Rindu ini tak pernah memilih jalan,
ia mengetuk dadaku seperti angin dini hari,
dinginnya sama dengan sepi yang kau tahu.
Kau berkata:
kepergian ayah tidak mewarisimu beban,
melainkan kekuatan yang menegakkan langkahmu.

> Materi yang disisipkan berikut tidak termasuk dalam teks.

section \<open>Consequences of the order of \<open>p\<close>\<close>

text \<open>An entry at distance less than \<open>r\<close> from the diagonal lies in an \<open>r \<times> r\<close> diagonal
  block, and \<open>p\<close> vanishes on every such block.\<close>

lemma nc_eval_PI_UT_t:
  assumes "is_ncpoly m p" "is_PI_UT m r p" "1 \<le> r" "r \<le> n" "\<And>k. k < m \<Longrightarrow> us k \<in> UT n"
  shows "nc_eval n p us \<in> UT_t n (r - 1)"
  unfolding UT_t_def
proof (intro CollectI conjI allI impI)
  show "nc_eval n p us \<in> carrier_mat n n" by (simp add: nc_eval_def)
  fix x y assume xy: "x < n" "y < n" "y \<le> x + (r - 1)"
  show "nc_eval n p us $$ (x,y) = 0"
  proof (cases "y < x")
    case True
    then show ?thesis using UT_below_diag[OF nc_eval_UT[OF assms(1,5)]] xy by simp
  next
    case False
    define i where "i = min x (n - r)"
    have i: "i + r \<le> n" "x - i < r" "y - i < r" "x = i + (x - i)" "y = i + (y - i)"
      using xy False assms(3,4) by (auto simp: i_def min_def)
    have "\<And>k. k < m \<Longrightarrow> diag_block r i (us k) \<in> UT r"
      using assms(5) i(1) by (blast intro: diag_block_UT)
    then have "nc_eval r p (\<lambda>k. diag_block r i (us k)) = 0\<^sub>m r r"
      using assms(2) by (simp add: is_PI_UT_def)
    moreover have "nc_eval n p us $$ (x,y) = nc_eval r p (\<lambda>k. diag_block r i (us k)) $$ (x - i, y - i)"
      using nc_eval_diag_block[OF assms(1,5) i(1-3)] i(4,5) by simp
    ultimately show ?thesis using i(2,3) by simp
  qed
qed

lemma image_UT_subset_UT_t:
  assumes "is_ncpoly m p" "is_PI_UT m r p" "1 \<le> r" "r \<le> n"
  shows "image_UT m n p \<subseteq> UT_t n (r - 1)"
  using nc_eval_PI_UT_t[OF assms] by (auto simp: image_UT_def)

lemma ord_p_PI:
  assumes "r = ord_p m p" "0 < r"
  shows "is_PI_UT m r p" "\<not> is_PI_UT m (r + 1) p"
proof -
  let ?P = "\<lambda>k. k \<ge> 1 \<and> is_PI_UT m k p \<and> \<not> is_PI_UT m (k + 1) p"
  have "\<exists>k. ?P k" using assms by (auto simp: ord_p_def split: if_splits)
  then have "?P (Least ?P)" by (rule LeastI_ex)
  moreover have "r = Least ?P" using assms \<open>\<exists>k. ?P k\<close> by (simp add: ord_p_def)
  ultimately show "is_PI_UT m r p" "\<not> is_PI_UT m (r + 1) p" by simp_all
qed
lemma continuous_on_matrix_inv: "continuous_on {X :: real^'n^'n. invertible X} matrix_inv"
proof (rule continuous_on_eq)
  have entry: "continuous_on S (\<lambda>X::real^'n^'n. if c = k then a else X $ r $ c)" for S c k r a
    by (cases "c = k") (auto intro!: continuous_intros)
  show "continuous_on {X :: real^'n^'n. invertible X}
     (\<lambda>X. \<chi> k j. det (\<chi> r c. if c = k then axis j 1 $ r else X $ r $ c) / det X)"
    by (intro continuous_intros continuous_on_compose2[OF continuous_on_det])
      (auto simp: invertible_det_nz intro: entry)
qed (simp add: matrix_inv_cramer)

lemma has_derivative_matrix_inv:
  fixes Y :: "real^'n^'n"
  assumes Y: "invertible Y"
  shows "(matrix_inv has_derivative (\<lambda>H. - (matrix_inv Y ** H ** matrix_inv Y))) (at Y)"
proof -
  define Yi where "Yi = matrix_inv Y"
  obtain K where "K \<ge> 0"
    and K: "\<And>A B :: real^'n^'n. norm ((A::real^'n^'n) ** B) \<le> norm A * norm B * K"
    using matrix_mult.nonneg_bounded by blast
  obtain e where "e > 0" and e: "ball Y e \<subseteq> {X. invertible X}"
    using open_invertible Y by (metis mem_Collect_eq open_contains_ball)
  show ?thesis
  proof (rule has_derivativeI_sandwich[OF \<open>e > 0\<close>])
    show "bounded_linear (\<lambda>H. - (matrix_inv Y ** H ** matrix_inv Y))"
      by (intro bounded_linear_minus bounded_linear_compose[OF matrix_mult.bounded_linear_left]
          matrix_mult.bounded_linear_right)
    fix X assume "X \<noteq> Y" "dist X Y < e"
    then have X: "invertible X" using e by (auto simp: subset_eq dist_commute)
    have XY: "matrix_inv X ** (X - Y) ** Yi = Yi - matrix_inv X"
      using matrix_inv_diff[OF X Y] unfolding Yi_def
      by (metis matrix_mult.minus_left matrix_mult.minus_right minus_diff_eq)
    have "norm (matrix_inv X - Yi - - (Yi ** (X - Y) ** Yi))
        = norm ((Yi - matrix_inv X) ** (X - Y) ** Yi)"
      unfolding matrix_mult.diff_left XY by (simp add: algebra_simps)
    also have "\<dots> \<le> norm (Yi - matrix_inv X) * norm (X - Y) * K * norm Yi * K"
      using K[of "(Yi - matrix_inv X) ** (X - Y)" Yi] K[of "Yi - matrix_inv X" "X - Y"] \<open>K \<ge> 0\<close>
      by (meson mult_right_mono norm_ge_zero order_trans)
    finally show "norm (matrix_inv X - matrix_inv Y - - (matrix_inv Y ** (X - Y) ** matrix_inv Y))
        / norm (X - Y)
      \<le> norm (matrix_inv X - Yi) * (K * K * norm Yi)"
      using \<open>X \<noteq> Y\<close> by (simp add: Yi_def divide_le_eq norm_minus_commute mult_ac)
  next
    have "(matrix_inv \<longlongrightarrow> Yi) (at Y)"
      using continuous_on_matrix_inv open_invertible Y unfolding Yi_def
      by (metis continuous_on_eq_continuous_at isCont_def mem_Collect_eq)
    then show "((\<lambda>X. norm (matrix_inv X - Yi) * (K * K * norm Yi)) \<longlongrightarrow> 0) (at Y)"
      by (intro tendsto_mult_left_zero tendsto_norm_zero LIM_zero)
  qed
qed
lemma act_prepend:
  assumes "fsupp a" "fsupp c" "fsupp G"
  shows "act circ a (prepend c G) = prepend (circ a c) G"
proof
  fix v
  show "act circ a (prepend c G) v = prepend (circ a c) G v"
  proof (cases v)
    case Nil then show ?thesis by (simp add: act_Nil)
  next
    case (Cons y v')
    have "act circ a (prepend c G) v =
        (\<Sum>b\<in>{b. c b \<noteq> 0}. \<Sum>u\<in>{u. G u \<noteq> 0}. [:c b:] * G u * prepend (circ a (dlt b)) (wrd u) v)"
      unfolding act_def using assms(2,3) by (simp add: hlin_prepend)
    also have "\<dots> = (\<Sum>b\<in>{b. c b \<noteq> 0}. [:c b * circ a (dlt b) y:]) * (\<Sum>u\<in>{u. G u \<noteq> 0}. G u * wrd u v')"
      by (simp add: Cons sum_product mult_ac) (rule sum.swap)
    also have "\<dots> = [:circ a c y:] * G v'"
      using assms by (simp add: sum_to_poly wrd_expansion circ_sum_dlt_right)
    finally show ?thesis by (simp add: Cons)
  qed
qed

lemma act_hlin:
  assumes "fsupp c" "fsupp G" "\<And>u. fsupp (T u)"
  shows "act circ c (hlin T G) v =
    (\<Sum>b\<in>{b. c b \<noteq> 0}. \<Sum>u\<in>{u. G u \<noteq> 0}. [:c b:] * G u * act circ (dlt b) (T u) v)"
proof -
  have "act circ c (hlin T G) v = (\<Sum>b\<in>{b. c b \<noteq> 0}. [:c b:] * act circ (dlt b) (hlin T G) v)"
    using act_sum_left[of "{b. c b \<noteq> 0}" dlt c "hlin T G" v] assms(1)
    by (simp add: dlt_expansion fsupp_def fsupp_dlt[unfolded fsupp_def])
  also have "\<dots> = (\<Sum>b\<in>{b. c b \<noteq> 0}. [:c b:] * (\<Sum>u\<in>{u. G u \<noteq> 0}. G u * act circ (dlt b) (T u) v))"
    using assms(2,3) unfolding hlin_def by (subst act_sum_right) (auto simp: fsupp_def)
  finally show ?thesis by (simp add: sum_distrib_left mult.assoc)
qed

lemma Sr_prepend:
  assumes "fsupp c" "fsupp G"
  shows "Sr circ (prepend c G) = hplus (prepend c (Sr circ G)) (hsmult rvar (act circ c (Sr circ G)))"
proof
  fix v
  have "Sr circ (prepend c G) v =
      (\<Sum>b\<in>{b. c b \<noteq> 0}. \<Sum>u\<in>{u. G u \<noteq> 0}. [:c b:] * G u * S_w circ (b # u) v)"
    unfolding Sr_def using assms by (rule hlin_prepend)
  also have "\<dots> =
      (\<Sum>b\<in>{b. c b \<noteq> 0}. \<Sum>u\<in>{u. G u \<noteq> 0}. [:c b:] * G u * prepend (dlt b) (S_w circ u) v) +
      rvar * (\<Sum>b\<in>{b. c b \<noteq> 0}. \<Sum>u\<in>{u. G u \<noteq> 0}. [:c b:] * G u * act circ (dlt b) (S_w circ u) v)"
    by (simp add: hplus_def hsmult_def sum.distrib sum_distrib_left algebra_simps)
  also have "\<dots> = prepend c (Sr circ G) v + rvar * act circ c (Sr circ G) v"
    unfolding Sr_def using assms by (simp add: prepend_hlin act_hlin fsupp_S_w)
  finally show "Sr circ (prepend c G) v = hplus (prepend c (Sr circ G)) (hsmult rvar (act circ c (Sr circ G))) v"
    by (simp add: hplus_def hsmult_def)
qed

lemma act_sum_prepend_circ_chain:
  assumes "fsupp a" "\<forall>b\<in>set as. fsupp b" "\<And>i. fsupp (Y i)"
  shows "act circ a (\<lambda>v. \<Sum>i=1..length as. rvar ^ (i - 1) * prepend (circ_chain circ (take i as)) (Y i) v) v =
    (\<Sum>i=1..length as. rvar ^ (i - 1) * prepend (circ_chain circ (a # take i as)) (Y i) v)"
proof -
  have fsupp_chain: "fsupp (circ_chain circ (take i as))" for i
    using assms(2) by (intro fsupp_circ_chain) (auto dest: in_set_takeD)
  have "act circ a (prepend (circ_chain circ (take i as)) (Y i)) =
      prepend (circ_chain circ (a # take i as)) (Y i)" if "i \<in> {1..length as}" for i
  proof -
    from that have "take i as \<noteq> []" by auto
    with assms(1,3) fsupp_chain show ?thesis by (simp add: act_prepend circ_chain_Cons)
  qed
  then show ?thesis
    using assms(1,3) by (simp add: act_sum_right fsupp_prepend fsupp_chain)
qed

lemma Sr_catprod_expansion:
  assumes "as \<noteq> []" "\<forall>a\<in>set as. fsupp a"
  shows "Sr circ (catprod as) =
    hsum (\<lambda>i. hsmult (rvar ^ (i - 1))
                (prepend (circ_chain circ (take i as)) (Sr circ (catprod (drop i as)))))
         {1..length as}"
  using assms
proof (induction as)
  case Nil then show ?case by simp
next
  case (Cons a as)
  have fsupp_a: "fsupp a" and fsupp_as: "\<forall>a\<in>set as. fsupp a" using Cons.prems by auto
  define T where "T i = prepend (circ_chain circ (take i (a # as))) (Sr circ (catprod (drop i (a # as))))" for i
  have Sr_Cons: "Sr circ (catprod (a # as)) v = T 1 v + rvar * act circ a (Sr circ (catprod as)) v" for v
    using fsupp_a fsupp_as
    by (simp add: T_def catprod_Cons Sr_prepend fsupp_catprod hplus_def hsmult_def)
  have act_tail: "act circ a (Sr circ (catprod as)) v = (\<Sum>i=1..length as. rvar ^ (i - 1) * T (Suc i) v)" for v
  proof (cases "as = []")
    case True then show ?thesis by (simp add: catprod_def Sr_wrd_Nil act_wrd_Nil)
  next
    case False
    have "fsupp (Sr circ (catprod (drop i as)))" for i
      using fsupp_as by (intro fsupp_Sr fsupp_catprod) (auto dest: in_set_dropD)
    then show ?thesis
      using Cons.IH[OF False fsupp_as] act_sum_prepend_circ_chain[OF fsupp_a fsupp_as]
      by (simp add: T_def hsum_def hsmult_def)
  qed
  have "Sr circ (catprod (a # as)) v = (\<Sum>i=1..Suc (length as). rvar ^ (i - 1) * T i v)" for v
    by (simp only: Sr_Cons act_tail sum_power_pred_Suc)
  then show ?case
    by (simp add: T_def hsum_def hsmult_def fun_eq_iff)
qed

Dan aku, diam-diam mengaku pada malam,
bahwa sedikit daya yang kumiliki
pernah tumbuh dari hadirnya dirimu.
Ada rahasia yang tak pernah sempat tiba padamu,
sebab aku meragu,
jika kubuka, engkau justru menjauh.
Maka kubiarkan ia mengendap,
menjadi nyeri yang kurawat dalam sunyi.
Ingatkah engkau,
ketika aku nyaris kehilangan arah,
saat suaraku dirampas tangan ibuku sendiri?
Dengan teduh kau berujar:
"tinggalkan saja, tak perlu peduli."
Ah, andai kau tahu,
yang harus kutinggalkan
adalah rahim yang melahirkanku.
Kini aku mengerti,
jarak adalah cara luka menemukan jeda.
Meski semakin perih, ia mengajariku sabar.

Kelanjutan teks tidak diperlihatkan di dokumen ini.